Philippines and South Korea have bought a total of at least four feed wheat cargoes in the last 24 hours.
Philippines Import Group has booked three cargoes each about 50,000 mt of Australia feed wheat for January-February shipment from ETG and CBH at around mid $340s/mt CFR Oct. 13. San Miguel may also have covered positions for February-April shipments but exact details were unavailable.
South Korea’s Major Feedmill Group booked 65,000 mt of feed wheat from CJ for Feb. 7-March 17 shipment at $354.49/mt including second port premium.
The 120-day UN-brokered Black Sea Grain Initiative is going to end on Nov. 19 and the market is not confident of an extension given the increased tensions.
Without the prospect of Ukraine wheat exports, buyers turn to Australia supplies.
Philippines’ feed wheat trades are trading at close to and even cheaper than corn valuations, sources said.
Platts, part of S&P Global Commodity Insights, assessed January-February arrival corn at $348.50/mt CFR NE Asia Oct. 13.
Corn in the forward curve delivered to North Asia is valued at least $5-$10/mt higher than spot markets due to bullish supply tightness, sources added.
US corn production has been hit by poorer yields, while low water levels in the Mississippi will delay US corn reaching the export markets.
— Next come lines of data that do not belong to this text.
lemma Max_esym_line_roots:
  assumes d1: "1 \<le> d" and dm: "d \<le> m" and c: "\<bar>c\<bar> < 1/2" and ne: "esym_line_roots d m c \<noteq> {}"
  shows "Max (esym_line_roots d m c) \<in> esym_line_roots d m c"
    and "-1 < Max (esym_line_roots d m c)"
    and "Max (esym_line_roots d m c) < - half_radius d m"
    and "\<And>t. Max (esym_line_roots d m c) < t \<Longrightarrow> c < esym_line d m d t"
proof -
  have fin: "finite (esym_line_roots d m c)" using finite_esym_line_roots c by auto
  show mx: "Max (esym_line_roots d m c) \<in> esym_line_roots d m c" using Max_in[OF fin ne] .
  have rg: "-1 < Max (esym_line_roots d m c) \<and> Max (esym_line_roots d m c) < 0" using esym_line_roots_bounds[OF dm _ mx] c by auto
  then show "-1 < Max (esym_line_roots d m c)" by simp
  have gm: "esym_line d m d (Max (esym_line_roots d m c)) = c" using mx by (simp add: esym_line_roots_def)
  show "Max (esym_line_roots d m c) < - half_radius d m"
  proof (rule ccontr)
    assume "\<not> Max (esym_line_roots d m c) < - half_radius d m"
    then have "1/2 \<le> esym_line d m d (Max (esym_line_roots d m c))" using rg by (intro esym_line_ge_half[OF d1]) auto
    then show False using gm c by auto
  qed
  fix t assume t: "Max (esym_line_roots d m c) < t"
  show "c < esym_line d m d t"
  proof (rule ccontr)
    assume "\<not> c < esym_line d m d t"
    then have le: "esym_line d m d t \<le> c" by simp
    have "t < 0"
    proof (rule ccontr)
      assume "\<not> t < 0"
      then have "1 \<le> esym_line d m d t" using one_le_esym_line by simp
      then show False using le c by simp
    qed
    have "\<exists>x. t \<le> x \<and> x \<le> 0 \<and> esym_line d m d x = c"
      using le c esym_line_at_0[of d m] \<open>t < 0\<close> by (intro IVT' continuous_on_esym_line) auto
    then obtain x where x: "t \<le> x" "esym_line d m d x = c" by blast
    then have "x \<in> esym_line_roots d m c" by (simp add: esym_line_roots_def)
    then have "x \<le> Max (esym_line_roots d m c)" using fin by simp
    then show False using x t by simp
  qed
qed

text \<open>A crossing of \<open>c\<close> before \<open>b\<close> would have to be followed by a downward one before the
  next crossing.\<close>
lemma le_level_if_crossings_upward:
  fixes f f' :: "real \<Rightarrow> real"
  assumes der: "\<And>v. (f has_real_derivative f' v) (at v)"
    and fin: "finite {v. f v = c}"
    and a: "f a < c" and b: "a \<le> b" "f b = c"
    and up: "\<And>v. a \<le> v \<Longrightarrow> v \<le> b \<Longrightarrow> f v = c \<Longrightarrow> 0 < f' v"
    and v: "a \<le> v" "v \<le> b"
  shows "f v \<le> c"
proof -
  have cont: "continuous_on A f" for A
    using der by (intro continuous_at_imp_continuous_on ballI DERIV_isCont) blast
  define Z where "Z = {z. f z = c \<and> a \<le> z \<and> z \<le> b}"
  have finZ: "finite Z" using fin by (rule rev_finite_subset) (auto simp: Z_def)
  have bZ: "b \<in> Z" using b by (simp add: Z_def)
  define z1 where "z1 = Min Z"
  have z1Z: "z1 \<in> Z" using Min_in[OF finZ] bZ unfolding z1_def by blast
  have below: "f u \<le> c" if u: "a \<le> u" "u \<le> z1" for u
  proof (rule ccontr)
    assume "\<not> f u \<le> c"
    then obtain x where x: "a \<le> x" "x \<le> u" "f x = c"
      using IVT'[of f a c u] a u cont by fastforce
    then have "x \<in> Z" using u z1Z by (simp add: Z_def)
    then have "z1 \<le> x" using finZ unfolding z1_def by simp
    then have "x = u" using x(2) u(2) by linarith
    then show False using x(3) \<open>\<not> f u \<le> c\<close> by simp
  qed
  have "z1 = b"
  proof (rule ccontr)
    assume "z1 \<noteq> b"
    define Z' where "Z' = {z \<in> Z. z1 < z}"
    have finZ': "finite Z'" using finZ by (simp add: Z'_def)
    have "b \<in> Z'" using \<open>z1 \<noteq> b\<close> z1Z bZ by (simp add: Z'_def Z_def)
    define z2 where "z2 = Min Z'"
    have z2: "z2 \<in> Z'" using Min_in[OF finZ'] \<open>b \<in> Z'\<close> unfolding z2_def by blast
    then have z12: "z1 < z2" and fz: "f z1 = c" "f z2 = c" using z1Z by (auto simp: Z'_def Z_def)
    obtain \<delta>1 where "\<delta>1 > 0" and \<delta>1: "\<And>h. 0 < h \<Longrightarrow> h < \<delta>1 \<Longrightarrow> f z1 < f (z1 + h)"
      using DERIV_pos_inc_right[OF der up] z1Z by (force simp: Z_def)
    obtain \<delta>2 where "\<delta>2 > 0" and \<delta>2: "\<And>h. 0 < h \<Longrightarrow> h < \<delta>2 \<Longrightarrow> f (z2 - h) < f z2"
      using DERIV_pos_inc_left[OF der up] z2 by (force simp: Z'_def Z_def)
    define e where "e = min (min \<delta>1 \<delta>2) (z2 - z1) / 2"
    have e: "0 < e" "e < \<delta>1" "e < \<delta>2" "z1 + e \<le> z2 - e"
      using \<open>\<delta>1 > 0\<close> \<open>\<delta>2 > 0\<close> z12 by (auto simp: e_def)
    obtain x where x: "z1 + e \<le> x" "x \<le> z2 - e" "f x = c"
      using IVT2'[of f "z2 - e" c "z1 + e"] \<delta>1[of e] \<delta>2[of e] e fz cont by fastforce
    then have "x \<in> Z'" using e z1Z z2 by (auto simp: Z'_def Z_def)
    then have "z2 \<le> x" using finZ' unfolding z2_def by simp
    then show False using x e by simp
  qed
  then show ?thesis using below v by simp
qed

lemma Max_esym_line_roots_gap:
  assumes d1: "1 \<le> d" and dm: "d \<le> m" and eps0: "0 \<le> eps" and eps2: "eps < 1/2"
    and epsb: "2 \<le> d \<Longrightarrow> eps \<le> half_radius d m / 8"
    and c12: "c1 < c2" and ac1: "\<bar>c1\<bar> \<le> eps" and ac2: "\<bar>c2\<bar> \<le> eps"
    and ne1: "esym_line_roots d m c1 \<noteq> {}" and ne2: "esym_line_roots d m c2 \<noteq> {}"
  shows "Max (esym_line_roots d m c1) < Max (esym_line_roots d m c2)"
    and "Max (esym_line_roots d m c2) - Max (esym_line_roots d m c1) \<le> (c2 - c1) / (2 * real m * half_radius d m)"
proof -
  define \<rho>1 where "\<rho>1 = Max (esym_line_roots d m c1)"
  define \<rho>2 where "\<rho>2 = Max (esym_line_roots d m c2)"
  define \<kappa> where "\<kappa> = 2 * real m * half_radius d m"
  define D where "D v = real (m+1) * esym_line d m (d-1) v" for v
  have kpos: "0 < \<kappa>" using d1 dm half_radius_pos[OF d1, of m] by (simp add: \<kappa>_def)
  have c1h: "\<bar>c1\<bar> < 1/2" and c2h: "\<bar>c2\<bar> < 1/2" using ac1 ac2 eps2 by auto
  have fin2: "finite (esym_line_roots d m c2)" using finite_esym_line_roots c2h by auto
  note r1 = Max_esym_line_roots[OF d1 dm c1h ne1, folded \<rho>1_def]
  note r2 = Max_esym_line_roots[OF d1 dm c2h ne2, folded \<rho>2_def]
  have g1: "esym_line d m d \<rho>1 = c1" using r1(1) by (simp add: esym_line_roots_def)
  have g2: "esym_line d m d \<rho>2 = c2" using r2(1) by (simp add: esym_line_roots_def)
  have ge1: "c1 \<le> esym_line d m d u" if "\<rho>1 \<le> u" for u
    using r1(4)[of u] g1 that by (cases "u = \<rho>1") auto
  have der: "\<And>v. (esym_line d m d has_real_derivative D v) (at v)"
    unfolding D_def by (rule esym_line_top_has_real_derivative[OF d1])
  have slope: "\<kappa> \<le> D v" if v: "\<rho>1 \<le> v" "v \<le> \<rho>2" "esym_line d m d v \<le> c2" for v
  proof -
    have "v \<le> - half_radius d m"
    proof (rule ccontr)
      assume "\<not> v \<le> - half_radius d m"
      then have "1/2 \<le> esym_line d m d v"
        using v r2(3) half_radius_pos[OF d1, of m] by (intro esym_line_ge_half[OF d1]) auto
      then show False using v c2h by auto
    qed
    moreover have "\<bar>esym_line d m d v\<bar> \<le> eps" using ge1[OF v(1)] v(3) ac1 ac2 by auto
    moreover have "-eps \<le> esym_line d m d u" if "v \<le> u" for u using ge1[of u] v that ac1 by auto
    ultimately show ?thesis unfolding \<kappa>_def D_def
      using esym_line_derivative_lower_bound[OF d1 dm eps0 epsb] r1(2) v by force
  qed
  obtain z where z: "\<rho>1 \<le> z" "esym_line d m d z = c2"
    using IVT'[of "esym_line d m d" \<rho>1 c2 0] g1 c12 c2h esym_line_at_0[of d m] r1(3)
      half_radius_pos[OF d1, of m] continuous_on_esym_line by force
  then have "z \<le> \<rho>2" using fin2 unfolding \<rho>2_def by (simp add: esym_line_roots_def)
  moreover have "z \<noteq> \<rho>1" using z g1 c12 by auto
  ultimately have lt: "\<rho>1 < \<rho>2" using z by simp
  then show "Max (esym_line_roots d m c1) < Max (esym_line_roots d m c2)" unfolding \<rho>1_def \<rho>2_def .
  have below: "esym_line d m d v \<le> c2" if "\<rho>1 \<le> v" "v \<le> \<rho>2" for v
    using fin2 g1 c12 lt g2 slope kpos that
    by (intro le_level_if_crossings_upward[OF der, of c2 \<rho>1 \<rho>2])
       (auto simp: esym_line_roots_def intro: less_le_trans)
  obtain \<xi> where xi: "\<rho>1 < \<xi>" "\<xi> < \<rho>2"
    and mv: "esym_line d m d \<rho>2 - esym_line d m d \<rho>1 = (\<rho>2 - \<rho>1) * D \<xi>"
    using MVT2[OF lt, of "esym_line d m d" D] der by blast
  have "\<kappa> \<le> D \<xi>" using slope[of \<xi>] below[of \<xi>] xi by simp
  then have "(\<rho>2 - \<rho>1) * \<kappa> \<le> c2 - c1" using mv g1 g2 lt by (simp add: mult_left_mono)
  then show "Max (esym_line_roots d m c2) - Max (esym_line_roots d m c1) \<le> (c2 - c1) / (2 * real m * half_radius d m)"
    using kpos unfolding \<rho>1_def[symmetric] \<rho>2_def[symmetric] \<kappa>_def[symmetric] by (simp add: pos_le_divide_eq)
qed

lemma card_subsets_with_card_Int:
  fixes S :: "'n::finite set"
  assumes jk: "j \<le> k"
  shows "card {T. card T = k \<and> card (T \<inter> S) = j} = (card S choose j) * ((CARD('n) - card S) choose (k - j))"
proof -
  define A where "A = {U. U \<subseteq> S \<and> card U = j} \<times> {V. V \<subseteq> -S \<and> card V = k - j}"
  have img: "{T. card T = k \<and> card (T \<inter> S) = j} = (\<lambda>(U,V). U \<union> V) ` A"
  proof (intro equalityI subsetI)
    fix T assume "T \<in> {T. card T = k \<and> card (T \<inter> S) = j}"
    then have T: "card T = k" "card (T \<inter> S) = j" by auto
    have "card T = card (T \<inter> S) + card (T \<inter> -S)"
      by (subst card_Un_disjoint[symmetric]) (auto intro: arg_cong[where f=card])
    then have "card (T \<inter> -S) = k - j" using T by simp
    then have "(T \<inter> S, T \<inter> -S) \<in> A" using T by (auto simp: A_def)
    moreover have "T = (\<lambda>(U,V). U \<union> V) (T \<inter> S, T \<inter> -S)" by auto
    ultimately show "T \<in> (\<lambda>(U,V). U \<union> V) ` A" by blast
  next
    fix T assume "T \<in> (\<lambda>(U,V). U \<union> V) ` A"
    then obtain U V where UV: "U \<subseteq> S" "card U = j" "V \<subseteq> -S" "card V = k - j" "T = U \<union> V"
      by (auto simp: A_def)
    have "U \<inter> V = {}" using UV by auto
    then have "card T = card U + card V" using UV card_Un_disjoint[of U V] by simp
    moreover have "T \<inter> S = U" using UV by auto
    ultimately show "T \<in> {T. card T = k \<and> card (T \<inter> S) = j}" using UV jk by auto
  qed
  have inj: "inj_on (\<lambda>(U,V). U \<union> V) A"
  proof (rule inj_onI)
    fix x y assume "x \<in> A" "y \<in> A" "(\<lambda>(U,V). U \<union> V) x = (\<lambda>(U,V). U \<union> V) y"
    then show "x = y" unfolding A_def by (cases x, cases y) auto
  qed
  have "card A = (card S choose j) * (card (-S) choose (k - j))"
    unfolding A_def card_cartesian_product by (simp add: n_subsets)
  moreover have "card (-S) = CARD('n) - card S"
    using card_Diff_subset[of S UNIV] by (simp add: Compl_eq_Diff_UNIV)
  ultimately show ?thesis unfolding img card_image[OF inj] by simp
qed

lemma esym_two_valued_vec:
  fixes a b :: "'a::comm_ring_1" and S :: "'n::finite set"
  shows "esym k (\<chi> i. if i \<in> S then a else b) = esym_two_valued (card S) (CARD('n) - card S) k a b"
proof -
  define F where "F = {T::'n set. card T = k}"
  have finF: "finite F" by simp
  have prodT: "(\<Prod>i\<in>T. if i \<in> S then a else b) = a ^ card (T \<inter> S) * b ^ (k - card (T \<inter> S))"
    if "T \<in> F" for T
  proof -
    have "(\<Prod>i\<in>T. if i \<in> S then a else b) = (\<Prod>i\<in>T \<inter> S. a) * (\<Prod>i\<in>T \<inter> -S. b)"
      by (subst prod.If_cases) (auto simp: Int_def Compl_eq)
    also have "card (T \<inter> -S) = k - card (T \<inter> S)"
    proof -
      have "card T = card (T \<inter> S) + card (T \<inter> -S)"
        by (subst card_Un_disjoint[symmetric]) (auto intro: arg_cong[where f=card])
      then show ?thesis using that by (simp add: F_def)
    qed
    then have "(\<Prod>i\<in>T \<inter> -S. b) = b ^ (k - card (T \<inter> S))" by simp
    finally show ?thesis by simp
  qed
  have "esym k (\<chi> i. if i \<in> S then a else b) = (\<Sum>T\<in>F. a ^ card (T \<inter> S) * b ^ (k - card (T \<inter> S)))"
    unfolding esym_def F_def[symmetric] by (rule sum.cong) (simp_all add: prodT)
  also have "\<dots> = (\<Sum>j\<le>k. \<Sum>T\<in>{T \<in> F. card (T \<inter> S) = j}. a ^ card (T \<inter> S) * b ^ (k - card (T \<inter> S)))"
  proof (rule sum.group[symmetric])
    show "finite F" by simp
    show "finite {..k}" by simp
    show "(\<lambda>T. card (T \<inter> S)) ` F \<subseteq> {..k}"
    proof
      fix x assume "x \<in> (\<lambda>T. card (T \<inter> S)) ` F"
      then obtain T where "T \<in> F" "x = card (T \<inter> S)" by auto
      moreover have "card (T \<inter> S) \<le> card T" by (rule card_mono) auto
      ultimately show "x \<in> {..k}" by (auto simp: F_def)
    qed
  qed
  also have "\<dots> = (\<Sum>j\<le>k. of_nat (card {T \<in> F. card (T \<inter> S) = j}) * (a ^ j * b ^ (k - j)))"
    by (intro sum.cong refl) simp
  also have "\<dots> = esym_two_valued (card S) (CARD('n) - card S) k a b"
    unfolding esym_two_valued_def
  proof (rule sum.cong[OF refl])
    fix j assume "j \<in> {..k}"
    then have "card {T \<in> F. card (T \<inter> S) = j} = (card S choose j) * ((CARD('n) - card S) choose (k - j))"
      unfolding F_def using card_subsets_with_card_Int[of j k S] by simp
    then show "of_nat (card {T \<in> F. card (T \<inter> S) = j}) * (a ^ j * b ^ (k - j))
      = of_nat ((card S choose j) * ((CARD('n) - card S) choose (k - j))) * a ^ j * b ^ (k - j)"
      by (simp add: mult.assoc)
  qed
  finally show ?thesis .
qed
Moreover, on Oct. 11, the Brotherhood of Maintenance of Way Employees Division (BMWED) rejected its tentative agreement with the railroads — an action which reintroduces the possibility of a freight rail workers strike.
Class I railroads have reduced their workforce significantly in recent years and now face a labor shortage. The lack of available labor is the primary factor behind the ongoing rail service problems impacting grain and other shippers.
In Argentina, corn planting is slowest in 10 years due to hot temperatures, according to the Rosario Grains Exchange, or BCR.
With only two weeks left to conclude the early corn planting window, corn planting in Argentina stood at 16.4% of the total forecast area of 7.5 million hectares for MY 2022-23 (March-February) as of Oct. 12 compared with 23.2% a year ago, according to the Buenos Aires Grains Exchange data.
After another week without adequate rains, a part of the initially planned early corn crop fields could be left out of the current production cycle, BAGE said in the report.
China is also geared up to start importing Brazilian corn due to the lack of exports from Ukraine.
The inverted feed wheat to corn spread may lead feed buyers to switch from corn to feed wheat.
Australia’s wheat harvest has just started and the country is expecting another bumper crop though protein quality is expected to be compromised by the higher than average rainfalls particularly in the south and eastern regions.
The market is expecting higher volumes of lower quality wheat which will need to find homes in the animal feed industry.
Logistics may pose a challenge as January shipping slots for Australian exports are limited which would elevate prices, sources said.
Feed wheat cargoes for February shipment onwards were already heard moving to higher ground at around $360/mt CFR Oct. 14 following the flurry of trades.